> Records for processing:
BEGIN
lemma orthonormal_coefficient:
  assumes "orthonormal E" "finite E" "e \<in> E"
  shows "cinner e (\<Sum>f\<in>E. c f *\<^sub>C f) = c e"
proof -
  have "cinner e (\<Sum>f\<in>E. c f *\<^sub>C f) = (\<Sum>f\<in>E. c f * cinner e f)"
    by (simp add: cinner_sum_right cinner_scaleC_right)
  also have "\<dots> = (\<Sum>f\<in>E. if f = e then c e else 0)"
    by (rule sum.cong) (use assms in \<open>auto simp: orthonormal_def\<close>)
  finally show ?thesis
    using assms by simp
qed

lemma orthonormal_expansion:
  assumes "orthonormal E" "finite E" "y \<in> cvs.span E"
  shows "y = (\<Sum>e\<in>E. cinner e y *\<^sub>C e)"
proof -
  obtain c where y: "y = (\<Sum>f\<in>E. c f *\<^sub>C f)"
    using assms(3) cvs.span_finite[OF assms(2)] by auto
  show ?thesis
    unfolding y by (rule sum.cong) (simp_all add: orthonormal_coefficient[OF assms(1,2)])
qed

lemma orthonormal_extend:
  assumes E: "finite E" "orthonormal E"
  obtains E' where "finite E'" "orthonormal E'" "cvs.span E \<subseteq> cvs.span E'" "b \<in> cvs.span E'"
proof -
  define w where "w = b - (\<Sum>e\<in>E. cinner e b *\<^sub>C e)"
  have w_orth: "cinner e w = 0" if "e \<in> E" for e
    using orthonormal_coefficient[OF E(2,1) that, of "\<lambda>e. cinner e b"]
    by (simp add: w_def cinner_diff_right)
  have b_eq: "b = w + (\<Sum>e\<in>E. cinner e b *\<^sub>C e)"
    by (simp add: w_def)
  have sum_span: "(\<Sum>e\<in>E. cinner e b *\<^sub>C e) \<in> cvs.span E"
    by (intro cvs.span_sum cvs.span_scale cvs.span_base)
  show thesis
  proof (cases "w = 0")
    case True
    then show ?thesis
      using that[of E] E b_eq sum_span by auto
  next
    case False
    define u where "u = complex_of_real (1 / norm w) *\<^sub>C w"
    have "cinner u u = 1"
      using False cinner_self[of w]
      by (simp add: u_def cinner_scaleC_left cinner_scaleC_right power2_eq_square)
    moreover have "cinner e u = 0" "cinner u e = 0" if "e \<in> E" for e
      using w_orth[OF that] cinner_commute[of u e]
      by (simp_all add: u_def cinner_scaleC_right)
    ultimately have "orthonormal (insert u E)"
      using E(2) unfolding orthonormal_def by force
    have span_mono: "cvs.span E \<subseteq> cvs.span (insert u E)"
      by (rule cvs.span_mono) blast
    have "w = complex_of_real (norm w) *\<^sub>C u"
      using False by (simp add: u_def)
    then have "w \<in> cvs.span (insert u E)"
      by (metis cvs.span_base cvs.span_scale insertI1)
    then have "b \<in> cvs.span (insert u E)"
      using b_eq sum_span span_mono cvs.span_add by (metis subsetD)
    then show ?thesis
      using that E(1) span_mono \<open>orthonormal (insert u E)\<close> by blast
  qed
qed

lemma gram_schmidt:
  fixes B :: "'a::complex_inner set"
  assumes "finite B"
  obtains E where "finite E" "orthonormal E" "B \<subseteq> cvs.span E"
proof -
  have "\<exists>E. finite E \<and> orthonormal E \<and> B \<subseteq> cvs.span E"
    using assms
  proof (induction B rule: finite_induct)
    case empty
    then show ?case
      by (intro exI[of _ "{}"]) (auto simp: orthonormal_def)
  next
    case (insert b B)
    then obtain E where "finite E" "orthonormal E" "B \<subseteq> cvs.span E"
      by blast
    then show ?case
      using orthonormal_extend[of E b] by (metis insert_subset subset_trans)
  qed
  then show thesis
    using that by blast
qed

lemma subseq_convergent_coordinates:
  fixes y :: "nat \<Rightarrow> 'a::complex_inner"
  assumes "finite E" and bounded: "\<And>n. norm (y n) \<le> C"
  shows "\<exists>r. strict_mono r \<and> (\<forall>e\<in>E. convergent (\<lambda>n. cinner e (y (r n))))"
  using assms(1)
proof (induction E rule: finite_induct)
  case empty
  then show ?case
    by (intro exI[of _ id]) (auto simp: strict_mono_def)
next
  case (insert a E)
  then obtain r where r: "strict_mono r" "\<forall>e\<in>E. convergent (\<lambda>n. cinner e (y (r n)))"
    by blast
  have "norm (cinner a (y (r n))) \<le> norm a * C" for n
    using order_trans[OF cauchy_schwarz mult_left_mono[OF bounded norm_ge_zero]] .
  then have "bounded (range (\<lambda>n. cinner a (y (r n))))"
    unfolding bounded_iff by blast
  then obtain l s where s: "strict_mono s" "((\<lambda>n. cinner a (y (r n))) \<circ> s) \<longlonglongrightarrow> l"
    using bounded_imp_convergent_subsequence by blast
  have "convergent (\<lambda>n. cinner e (y (r (s n))))" if e: "e \<in> insert a E" for e
  proof (cases "e = a")
    case False
    then obtain L where "(\<lambda>n. cinner e (y (r n))) \<longlonglongrightarrow> L"
      using r(2) e by (auto simp: convergent_def)
    from LIMSEQ_subseq_LIMSEQ[OF this s(1)] show ?thesis
      by (auto simp: convergent_def o_def)
  qed (use s(2) in \<open>auto simp: convergent_def o_def\<close>)
  then show ?case
    using strict_mono_o[OF r(1) s(1)] by (intro exI[of _ "r \<circ> s"]) (auto simp: o_def)
qed

lemma compact_in_finite_span:
  fixes V :: "'a::chilbert_space set"
  assumes "finite B" "V \<subseteq> cvs.span B" "closed V" "bounded V"
  shows "compact V"
  unfolding compact_eq_seq_compact_metric seq_compact_def
proof (intro allI impI)
  fix y :: "nat \<Rightarrow> 'a"
  assume yV: "\<forall>n. y n \<in> V"
  obtain E where E: "finite E" "orthonormal E" "B \<subseteq> cvs.span E"
    using gram_schmidt[OF assms(1)] .
  have V_span: "V \<subseteq> cvs.span E"
    using assms(2) cvs.span_minimal[OF E(3) cvs.subspace_span] by blast
  obtain C where "\<And>n. norm (y n) \<le> C"
    using assms(4) yV unfolding bounded_iff by blast
  then obtain r where r: "strict_mono r" "\<forall>e\<in>E. convergent (\<lambda>n. cinner e (y (r n)))"
    using subseq_convergent_coordinates[OF E(1)] by blast
  define l where "l = (\<Sum>e\<in>E. lim (\<lambda>n. cinner e (y (r n))) *\<^sub>C e)"
  have "(\<lambda>n. \<Sum>e\<in>E. cinner e (y (r n)) *\<^sub>C e) \<longlonglongrightarrow> l"
    unfolding l_def
    using r(2) by (intro tendsto_sum bounded_linear.tendsto[OF bounded_linear_scaleC_left])
      (simp add: convergent_LIMSEQ_iff)
  moreover have "(\<lambda>n. \<Sum>e\<in>E. cinner e (y (r n)) *\<^sub>C e) = y \<circ> r"
  proof
    fix n
    have "y (r n) \<in> cvs.span E"
      using yV V_span by blast
    then show "(\<Sum>e\<in>E. cinner e (y (r n)) *\<^sub>C e) = (y \<circ> r) n"
      unfolding o_def by (rule orthonormal_expansion[OF E(2,1), symmetric])
  qed
  ultimately have "(y \<circ> r) \<longlonglongrightarrow> l"
    by simp
  moreover have "l \<in> V"
    using closed_sequentially[OF assms(3) _ \<open>(y \<circ> r) \<longlonglongrightarrow> l\<close>] yV by auto
  ultimately show "\<exists>l\<in>V. \<exists>r. strict_mono r \<and> (y \<circ> r) \<longlonglongrightarrow> l"
    using r(1) by blast
qed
END
> Work instruction:
Pick each line holding the word "fixes" out of the listing.

> Response below:
  fixes B :: "'a::complex_inner set"
  fixes y :: "nat \<Rightarrow> 'a::complex_inner"
  fixes V :: "'a::chilbert_space set"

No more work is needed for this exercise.